lemma sigma_bounds:
  assumes "1 \<le> n" "compositum K1 K2 = UNIV" "sigma_elementary R"
    and "\<forall>M\<in>\<M>. maximal_subring_of R S M" "(\<Union>x \<in> J - {0}. centralizer_in R S x) \<subseteq> \<Union>\<M>"
    and "\<And>\<M>'. (\<forall>M\<in>\<M>'. maximal_subring_of R S M) \<and> (\<Union>x \<in> J - {0}. centralizer_in R S x) \<subseteq> \<Union>\<M>'
      \<Longrightarrow> card \<M> \<le> card \<M>'"
  defines "q \<equiv> card (UNIV :: 'a set)"
  shows "enat (q ^ n + 1) \<le> sigma R" "sigma R \<le> enat ((q ^ (n + 1) - 1) div (q - 1))"
proof -
  have "\<M> \<noteq> {}"
    by (rule centralizer_cover_nonempty[OF assms(1,5)])
  then have "q ^ n + 1 \<le> card J + card \<M>"
    using finite_maximal_subrings_of_S[OF assms(4)] card_J unfolding q_def by (simp add: Suc_le_eq card_gt_0_iff)
  also have "enat (card J + card \<M>) \<le> sigma R"
    using sigma_lower_bound assms(1-3,6) by blast
  finally show "enat (q ^ n + 1) \<le> sigma R"
    by (meson enat_ord_simps(1) order_trans)
  have cover: "is_cover R (scompl R J \<union> (\<lambda>M. ssum R M J) ` \<M>)"
    using is_cover_scompl_ssum assms(1,4,5) by blast
  have "sigma R \<le> enat (card (scompl R J \<union> (\<lambda>M. ssum R M J) ` \<M>))"
    using sigma_le_ecard[OF cover] finite_cover[OF cover] by (simp add: ecard_def)
  also have "\<dots> \<le> enat (q ^ n + card \<M>)"
    using card_scompl_ssum_le[OF assms(4)] card_J unfolding q_def by simp
  also have "q ^ n + card \<M> \<le> (q ^ (n + 1) - 1) div (q - 1)"
    using geometric_sum_bound card_UNIV_field_ge_2 card_minimal_centralizer_cover[OF assms(6)] card_J
    unfolding q_def by simp
  finally show "sigma R \<le> enat ((q ^ (n + 1) - 1) div (q - 1))"
    by simp
qed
------------------------------
An exact repeat of the whole listing above is needed; write it out now.

> Result of the task
lemma sigma_bounds:
  assumes "1 \<le> n" "compositum K1 K2 = UNIV" "sigma_elementary R"
    and "\<forall>M\<in>\<M>. maximal_subring_of R S M" "(\<Union>x \<in> J - {0}. centralizer_in R S x) \<subseteq> \<Union>\<M>"
    and "\<And>\<M>'. (\<forall>M\<in>\<M>'. maximal_subring_of R S M) \<and> (\<Union>x \<in> J - {0}. centralizer_in R S x) \<subseteq> \<Union>\<M>'
      \<Longrightarrow> card \<M> \<le> card \<M>'"
  defines "q \<equiv> card (UNIV :: 'a set)"
  shows "enat (q ^ n + 1) \<le> sigma R" "sigma R \<le> enat ((q ^ (n + 1) - 1) div (q - 1))"
proof -
  have "\<M> \<noteq> {}"
    by (rule centralizer_cover_nonempty[OF assms(1,5)])
  then have "q ^ n + 1 \<le> card J + card \<M>"
    using finite_maximal_subrings_of_S[OF assms(4)] card_J unfolding q_def by (simp add: Suc_le_eq card_gt_0_iff)
  also have "enat (card J + card \<M>) \<le> sigma R"
    using sigma_lower_bound assms(1-3,6) by blast
  finally show "enat (q ^ n + 1) \<le> sigma R"
    by (meson enat_ord_simps(1) order_trans)
  have cover: "is_cover R (scompl R J \<union> (\<lambda>M. ssum R M J) ` \<M>)"
    using is_cover_scompl_ssum assms(1,4,5) by blast
  have "sigma R \<le> enat (card (scompl R J \<union> (\<lambda>M. ssum R M J) ` \<M>))"
    using sigma_le_ecard[OF cover] finite_cover[OF cover] by (simp add: ecard_def)
  also have "\<dots> \<le> enat (q ^ n + card \<M>)"
    using card_scompl_ssum_le[OF assms(4)] card_J unfolding q_def by simp
  also have "q ^ n + card \<M> \<le> (q ^ (n + 1) - 1) div (q - 1)"
    using geometric_sum_bound card_UNIV_field_ge_2 card_minimal_centralizer_cover[OF assms(6)] card_J
    unfolding q_def by simp
  finally show "sigma R \<le> enat ((q ^ (n + 1) - 1) div (q - 1))"
    by simp
qed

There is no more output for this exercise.